Adlai Stevenson II: Presidential Campaign & Political Views

Instructor: Mary Ruth Sanders Bracy

Mary Ruth teaches college history and has a PhD.

In this lesson, we will learn about the presidential campaigns of Adlai Stevenson II, the Democratic Party's nominee in 1952 and 1956. Even though he was roundly defeated both times, Stevenson's legacy lives on.

Adlai Stevenson II

Can you imagine losing at something, very badly, and then picking it up and doing it again? That's what happened to Adlai Stevenson II when he ran for president against Gen. Dwight D. Eisenhower. Stevenson was the Democratic Party's nominee for the first time in 1952. He lost that election, but ran again in 1956...and lost again! Even though he was defeated, Stevenson's influence lived on. Let's look at his two presidential campaigns and his political views.

A 1952 Adlai Stevenson Campaign Ad
Stevenson Campaign Ad

Campaign of 1952

It was a pretty good time to be a Democrat in 1952. Two other important Democratic presidents, Franklin D. Roosevelt and Harry Truman, had just shepherded the United States through the Great Depression and World War II. And in 1952, for the first time in nearly 20 years, there would not be an incumbent president in the White House. Truman was term-limited and could not serve again.

The question of who the Democrats would nominate was important because the Republican candidate was Gen. Dwight D. Eisenhower. Eisenhower was a major World War II hero. He was the Supreme Commander of Allied Forces in Europe and planned the D-Day invasion that changed the course of the war. He was very popular, while Stevenson, the Governor of Illinois, was not as well-known.

In fact, Stevenson did not even want the nomination for president! Instead, he was drafted by the Democratic Party at their nominating convention. Once he was nominated, he campaigned vigorously for the Democratic Party's ideas and platform. In 1952, the Democratic Party campaigned on two things that very clearly made them different from the Republican Party:

  1. Support for labor unions (Democrats called for the repeal of the Taft-Hartley Act, which placed limitations on what labor unions could and could not do.)
  2. Continuing the Korean War (They wanted to end American involvement in the anti-communist war in Korea, which Eisenhower had pledged to end.)

Stevenson himself was a political reformer, and the Democrats hoped that his reputation in Illinois could translate nationwide.

It did not translate. Stevenson was viewed by many as a liberal elite, nerdy and aloof, while Eisenhower was a man of the people, a hero, and very popular. Stevenson could not overcome Eisenhower's popularity and lost the 1952 election by a huge margin: roughly 6 million popular votes. As a result, Eisenhower carried 442 Electoral College delegates, while Stevenson only received 89 of their votes.

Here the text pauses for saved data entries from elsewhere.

(* Let $A=(a_{ij})_{i,j\in\{1,\dots,\theta\}}$ be an indecomposable generalized Cartan matrix of indefinite type, $Q=\bigoplus_i\mathbb Z\alpha_i$ its root lattice, $Q_+=\sum_i\mathbb N_0\alpha_i$, and $W$ its Weyl group. Then for every $\gamma\in Q_+\setminus\{0\}$ the set $W\gamma\cap Q_+$ is infinite.
   Context: $W$ is the subgroup of $\mathrm{GL}(Q)$ generated by the simple reflections $s_i(\alpha_j)=\alpha_j-a_{ij}\alpha_i$. Types (finite, affine, indefinite) of indecomposable generalized Cartan matrices are in the sense of Kac. *)

theory Defs
  imports Complex_Main
begin

text \<open>A theta x theta matrix is a function nat => nat => int, indices 0..theta-1.
  Elements of the root lattice Q = (+)_i Z alpha_i are coefficient functions
  nat => int vanishing outside {0..<theta}.\<close>

definition gcm :: "nat \<Rightarrow> (nat \<Rightarrow> nat \<Rightarrow> int) \<Rightarrow> bool" where
  "gcm n A \<longleftrightarrow> (\<forall>i<n. A i i = 2) \<and>
     (\<forall>i<n. \<forall>j<n. i \<noteq> j \<longrightarrow> A i j \<le> 0) \<and>
     (\<forall>i<n. \<forall>j<n. A i j = 0 \<longleftrightarrow> A j i = 0)"

definition indecomposable :: "nat \<Rightarrow> (nat \<Rightarrow> nat \<Rightarrow> int) \<Rightarrow> bool" where
  "indecomposable n A \<longleftrightarrow> n \<ge> 1 \<and>
     \<not> (\<exists>I J. I \<noteq> {} \<and> J \<noteq> {} \<and> I \<inter> J = {} \<and> I \<union> J = {0..<n} \<and>
             (\<forall>i\<in>I. \<forall>j\<in>J. A i j = 0))"

text \<open>Kac, Infinite dimensional Lie algebras, Thm 4.3, case (Ind): there is u > 0
  with Au < 0, and Av >= 0, v >= 0 imply v = 0 (real vectors).\<close>
definition indefinite_type :: "nat \<Rightarrow> (nat \<Rightarrow> nat \<Rightarrow> int) \<Rightarrow> bool" where
  "indefinite_type n A \<longleftrightarrow>
     (\<exists>u :: nat \<Rightarrow> real. (\<forall>i<n. u i > 0) \<and> (\<forall>i<n. (\<Sum>j<n. of_int (A i j) * u j) < 0)) \<and>
     (\<forall>v :: nat \<Rightarrow> real. (\<forall>i<n. (\<Sum>j<n. of_int (A i j) * v j) \<ge> 0) \<and> (\<forall>i<n. v i \<ge> 0)
        \<longrightarrow> (\<forall>i<n. v i = 0))"

definition root_lattice :: "nat \<Rightarrow> (nat \<Rightarrow> int) set" where
  "root_lattice n = {\<beta>. \<forall>i\<ge>n. \<beta> i = 0}"

definition pos_root_lattice :: "nat \<Rightarrow> (nat \<Rightarrow> int) set" where
  "pos_root_lattice n = {\<beta> \<in> root_lattice n. \<forall>i. \<beta> i \<ge> 0}"

text \<open>Simple reflection: s_i(alpha_j) = alpha_j - a_ij alpha_i, extended linearly.\<close>
definition simple_refl :: "nat \<Rightarrow> (nat \<Rightarrow> nat \<Rightarrow> int) \<Rightarrow> nat \<Rightarrow> (nat \<Rightarrow> int) \<Rightarrow> (nat \<Rightarrow> int)" where
  "simple_refl n A i \<beta> = (\<lambda>k. if k = i then \<beta> k - (\<Sum>j<n. A i j * \<beta> j) else \<beta> k)"

text \<open>Weyl group: the group generated by the simple reflections (as maps on Q).
  Since a_ii = 2, each s_i is an involution, so the monoid generated is the group.\<close>
inductive_set weyl_group :: "nat \<Rightarrow> (nat \<Rightarrow> nat \<Rightarrow> int) \<Rightarrow> ((nat \<Rightarrow> int) \<Rightarrow> (nat \<Rightarrow> int)) set"
  for n A where
  id: "id \<in> weyl_group n A"
| refl: "w \<in> weyl_group n A \<Longrightarrow> i < n \<Longrightarrow> simple_refl n A i \<circ> w \<in> weyl_group n A"

end

theory Submission
  imports Defs
begin

text \<open>Suppose \<open>W\<gamma> \<inter> Q\<^sub>+\<close> were finite and pick \<open>\<beta> = w\<gamma>\<close> in it of maximal height. If
  \<open>(A\<beta>)\<^sub>i < 0\<close> for some \<open>i\<close>, then \<open>s\<^sub>i\<beta> = \<beta> - (A\<beta>)\<^sub>i \<alpha>\<^sub>i\<close> is again in \<open>W\<gamma> \<inter> Q\<^sub>+\<close> and
  strictly higher. Hence \<open>A\<beta> \<ge> 0\<close> and \<open>\<beta> \<ge> 0\<close>, which for indefinite type forces
  \<open>\<beta> = 0\<close>; but \<open>W\<close> acts by invertible maps, so \<open>\<beta> \<noteq> 0\<close>.\<close>

definition height :: "nat \<Rightarrow> (nat \<Rightarrow> int) \<Rightarrow> int" where
  "height n \<beta> = (\<Sum>k<n. \<beta> k)"

lemma simple_refl_nonzero:
  assumes "A i i = 2" and "i < n" and "\<beta> \<noteq> (\<lambda>_. 0)"
  shows "simple_refl n A i \<beta> \<noteq> (\<lambda>_. 0)"
proof
  assume zero: "simple_refl n A i \<beta> = (\<lambda>_. 0)"
  have off_i: "\<beta> k = 0" if "k \<noteq> i" for k
    using fun_cong[OF zero, of k] that by (simp add: simple_refl_def)
  have "(\<Sum>j<n. A i j * \<beta> j) = (\<Sum>j<n. if j = i then 2 * \<beta> i else 0)"
    using assms(1) by (intro sum.cong) (auto simp: off_i)
  also have "\<dots> = 2 * \<beta> i"
    using assms(2) by simp
  finally have "\<beta> i = 0"
    using fun_cong[OF zero, of i] by (simp add: simple_refl_def)
  with off_i have "\<beta> = (\<lambda>_. 0)"
    by (metis ext)
  with assms(3) show False by simp
qed

lemma weyl_group_nonzero:
  assumes "w \<in> weyl_group n A" and "gcm n A" and "\<beta> \<noteq> (\<lambda>_. 0)"
  shows "w \<beta> \<noteq> (\<lambda>_. 0)"
  using assms(1)
proof induction
  case id
  then show ?case using assms(3) by simp
next
  case (refl w i)
  then have "A i i = 2" using assms(2) by (simp add: gcm_def)
  with refl show ?case by (simp add: simple_refl_nonzero)
qed

lemma height_simple_refl:
  assumes "i < n"
  shows "height n (simple_refl n A i \<beta>) = height n \<beta> - (\<Sum>j<n. A i j * \<beta> j)"
proof -
  let ?c = "\<Sum>j<n. A i j * \<beta> j"
  have "height n (simple_refl n A i \<beta>) = (\<Sum>k<n. \<beta> k - (if k = i then ?c else 0))"
    unfolding height_def by (intro sum.cong) (auto simp: simple_refl_def)
  also have "\<dots> = height n \<beta> - ?c"
    using assms by (simp add: sum_subtractf height_def)
  finally show ?thesis .
qed

lemma simple_refl_pos_root_lattice:
  assumes "\<beta> \<in> pos_root_lattice n" and "i < n" and "(\<Sum>j<n. A i j * \<beta> j) \<le> 0"
  shows "simple_refl n A i \<beta> \<in> pos_root_lattice n"
proof -
  have "0 \<le> \<beta> i"
    using assms(1) by (simp add: pos_root_lattice_def)
  with assms(3) have "0 \<le> \<beta> i - (\<Sum>j<n. A i j * \<beta> j)"
    by linarith
  with assms(1,2) show ?thesis
    by (auto simp: pos_root_lattice_def root_lattice_def simple_refl_def)
qed

lemma pos_root_lattice_dominant_eq_zero:
  assumes "indefinite_type n A" and "\<beta> \<in> pos_root_lattice n"
    and dominant: "\<And>i. i < n \<Longrightarrow> 0 \<le> (\<Sum>j<n. A i j * \<beta> j)"
  shows "\<beta> = (\<lambda>_. 0)"
proof
  fix k
  let ?v = "\<lambda>j. real_of_int (\<beta> j)"
  have "\<forall>i<n. 0 \<le> (\<Sum>j<n. of_int (A i j) * ?v j)"
  proof (intro allI impI)
    fix i assume "i < n"
    have "(\<Sum>j<n. of_int (A i j) * ?v j) = real_of_int (\<Sum>j<n. A i j * \<beta> j)"
      by simp
    then show "0 \<le> (\<Sum>j<n. of_int (A i j) * ?v j)"
      using dominant[OF \<open>i < n\<close>] by linarith
  qed
  moreover have "\<forall>i<n. 0 \<le> ?v i"
    using assms(2) by (simp add: pos_root_lattice_def)
  ultimately have "\<forall>i<n. ?v i = 0"
    using assms(1) unfolding indefinite_type_def by (blast dest: spec[of _ ?v])
  then show "\<beta> k = 0"
    using assms(2) by (cases "k < n") (auto simp: pos_root_lattice_def root_lattice_def)
qed

lemma max_height_in_orbit_dominant:
  assumes "w \<in> weyl_group n A" and "w \<gamma> \<in> pos_root_lattice n" and "i < n"
    and highest: "\<And>w'. w' \<in> weyl_group n A \<Longrightarrow> w' \<gamma> \<in> pos_root_lattice n \<Longrightarrow>
                    height n (w' \<gamma>) \<le> height n (w \<gamma>)"
  shows "0 \<le> (\<Sum>j<n. A i j * w \<gamma> j)"
proof (rule ccontr)
  assume neg: "\<not> 0 \<le> (\<Sum>j<n. A i j * w \<gamma> j)"
  have "simple_refl n A i \<circ> w \<in> weyl_group n A"
    using assms(1,3) by (rule weyl_group.refl)
  moreover have "simple_refl n A i (w \<gamma>) \<in> pos_root_lattice n"
    using assms(2,3) neg by (intro simple_refl_pos_root_lattice) auto
  ultimately have "height n (simple_refl n A i (w \<gamma>)) \<le> height n (w \<gamma>)"
    using highest by fastforce
  with neg show False
    using height_simple_refl[OF assms(3)] by simp
qed

theorem lemma3p5:
  fixes \<theta> :: nat and A :: "nat \<Rightarrow> nat \<Rightarrow> int" and \<gamma> :: "nat \<Rightarrow> int"
  assumes "gcm \<theta> A" and "indecomposable \<theta> A" and "indefinite_type \<theta> A"
    and "\<gamma> \<in> pos_root_lattice \<theta>" and "\<gamma> \<noteq> (\<lambda>_. 0)"
  shows "infinite ((\<lambda>w. w \<gamma>) ` weyl_group \<theta> A \<inter> pos_root_lattice \<theta>)"
proof
  let ?S = "(\<lambda>w. w \<gamma>) ` weyl_group \<theta> A \<inter> pos_root_lattice \<theta>"
  assume "finite ?S"
  moreover have "\<gamma> \<in> ?S"
    using assms(4) weyl_group.id[of \<theta> A] by (metis IntI id_apply image_eqI)
  ultimately have "Max (height \<theta> ` ?S) \<in> height \<theta> ` ?S"
    by (intro Max_in) auto
  then obtain w where w: "w \<in> weyl_group \<theta> A" "w \<gamma> \<in> pos_root_lattice \<theta>"
    and max: "height \<theta> (w \<gamma>) = Max (height \<theta> ` ?S)"
    by auto
  have highest: "height \<theta> (w' \<gamma>) \<le> height \<theta> (w \<gamma>)"
    if "w' \<in> weyl_group \<theta> A" "w' \<gamma> \<in> pos_root_lattice \<theta>" for w'
    unfolding max using \<open>finite ?S\<close> that by (intro Max_ge) auto
  have "0 \<le> (\<Sum>j<\<theta>. A i j * w \<gamma> j)" if "i < \<theta>" for i
    using w that highest by (rule max_height_in_orbit_dominant)
  then have "w \<gamma> = (\<lambda>_. 0)"
    by (rule pos_root_lattice_dominant_eq_zero[OF assms(3) w(2)])
  with weyl_group_nonzero[OF w(1) assms(1,5)] show False ..
qed

end
text \<open>The monomial map T_v \<mapsto> x_{1,v_1}...x_{n,v_n}; a monomial in the variables x_{i,j}
  is represented as a multiset of pairs (i,j).\<close>
definition phi_mon :: "nat list \<Rightarrow> nat list multiset \<Rightarrow> (nat \<times> nat) multiset" where
  "phi_mon bs m = (\<Sum>v\<in>#m. mset (map (\<lambda>i. (i, v ! i)) [0..<length bs]))"

text \<open>dim_K (R_[b])_l: the degree-l component of S/J_[b] is isomorphic to the K-span of the
  images of the degree-l monomials of S; these images are monomials in the x_{i,j}, which are
  linearly independent, so the dimension is the number of distinct image monomials.\<close>
definition hilb_fun :: "nat list \<Rightarrow> nat \<Rightarrow> nat" where
  "hilb_fun bs l = card (phi_mon bs ` S_monomials bs l)"

definition hilb_series :: "nat list \<Rightarrow> rat fps" where
  "hilb_series bs = Abs_fps (\<lambda>l. of_nat (hilb_fun bs l))"

definition krull_dim :: "nat list \<Rightarrow> nat" where
  "krull_dim bs = sum_list bs + 1"

definition is_h_poly :: "nat list \<Rightarrow> rat poly \<Rightarrow> bool" where
  "is_h_poly bs h \<longleftrightarrow> fps_of_poly h = hilb_series bs * (1 - fps_X) ^ krull_dim bs"

definition r_deg :: "nat list \<Rightarrow> nat" where
  "r_deg bs = sum_list bs - Max (set bs)"

end

theory Submission
  imports Defs
begin

text \<open>Each monomial of S is sent to the x-monomial recording, for every coordinate i, the multiset
  of i-th entries of its variables, and every tuple of size-l multisets on the sets {0..b_i} arises;
  so dim (R_[b])_l is the product of the binomials C(b_i + l, b_i). If the Hilbert function is
  P(l) C(b + l, b) with P(l) = sum_{i<=k} c_i C(l, i), then the identity
  sum_l C(b + l, b) C(l, i) t^l = C(b + i, i) t^i / (1 - t)^(b+i+1) gives
  h(t) = sum_i c_i C(b + i, i) t^i (1 - t)^(k-i), which for [1,1,b], [1,2,b] and [1,1,1,b] is a
  direct computation. The characterisation of r = 2, 3 is elementary: removing one maximal entry
  leaves at least two positive entries with sum r.\<close>

definition tagged_union :: "'a multiset list \<Rightarrow> (nat \<times> 'a) multiset" where
  "tagged_union Ms = (\<Sum>i<length Ms. image_mset (Pair i) (Ms ! i))"

lemma tagged_union_component:
  assumes "i < length Ms"
  shows "image_mset snd (filter_mset (\<lambda>p. fst p = i) (tagged_union Ms)) = Ms ! i"
proof -
  have "filter_mset (\<lambda>p. fst p = i) (tagged_union Ms) =
          (\<Sum>j<length Ms. filter_mset (\<lambda>p. fst p = i) (image_mset (Pair j) (Ms ! j)))"
    unfolding tagged_union_def by (rule sum_comp_morphism[symmetric, unfolded comp_def]) simp_all
  also have "\<dots> = (\<Sum>j<length Ms. if j = i then image_mset (Pair i) (Ms ! i) else {#})"
    by (rule sum.cong) (auto simp: filter_mset_image_mset comp_def filter_mset_eq_mempty_iff)
  also have "\<dots> = image_mset (Pair i) (Ms ! i)"
    using assms by simp
  finally show ?thesis
    by (simp add: image_mset.compositionality comp_def)
qed

lemma inj_on_tagged_union: "inj_on tagged_union {Ms. length Ms = n}"
  by (rule inj_on_inverseI
        [where g = "\<lambda>M. map (\<lambda>i. image_mset snd (filter_mset (\<lambda>p. fst p = i) M)) [0..<n]"])
     (auto intro: nth_equalityI simp: tagged_union_component)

Results of the 1952 Presidential Election
1952 Election Map

Campaign of 1956

The Democrats and Stevenson decided to try again four years later. This time, Stevenson campaigned for and won the nomination, saying after accepting the nomination at the convention that ''Four years ago, I stood in this same place and uttered these same words to you. But four years ago I did not seek the honor you have bestowed upon me. This time, as you may have noticed, it was not entirely unsolicited. And there's another big difference. That time we lost. This time we will win!''

During this election, Stevenson struggled to position himself opposite from Eisenhower because the two parties agreed on many major issues. They agreed on the need for strong national security, for promoting peace internationally, and for support for the United Nations and NATO.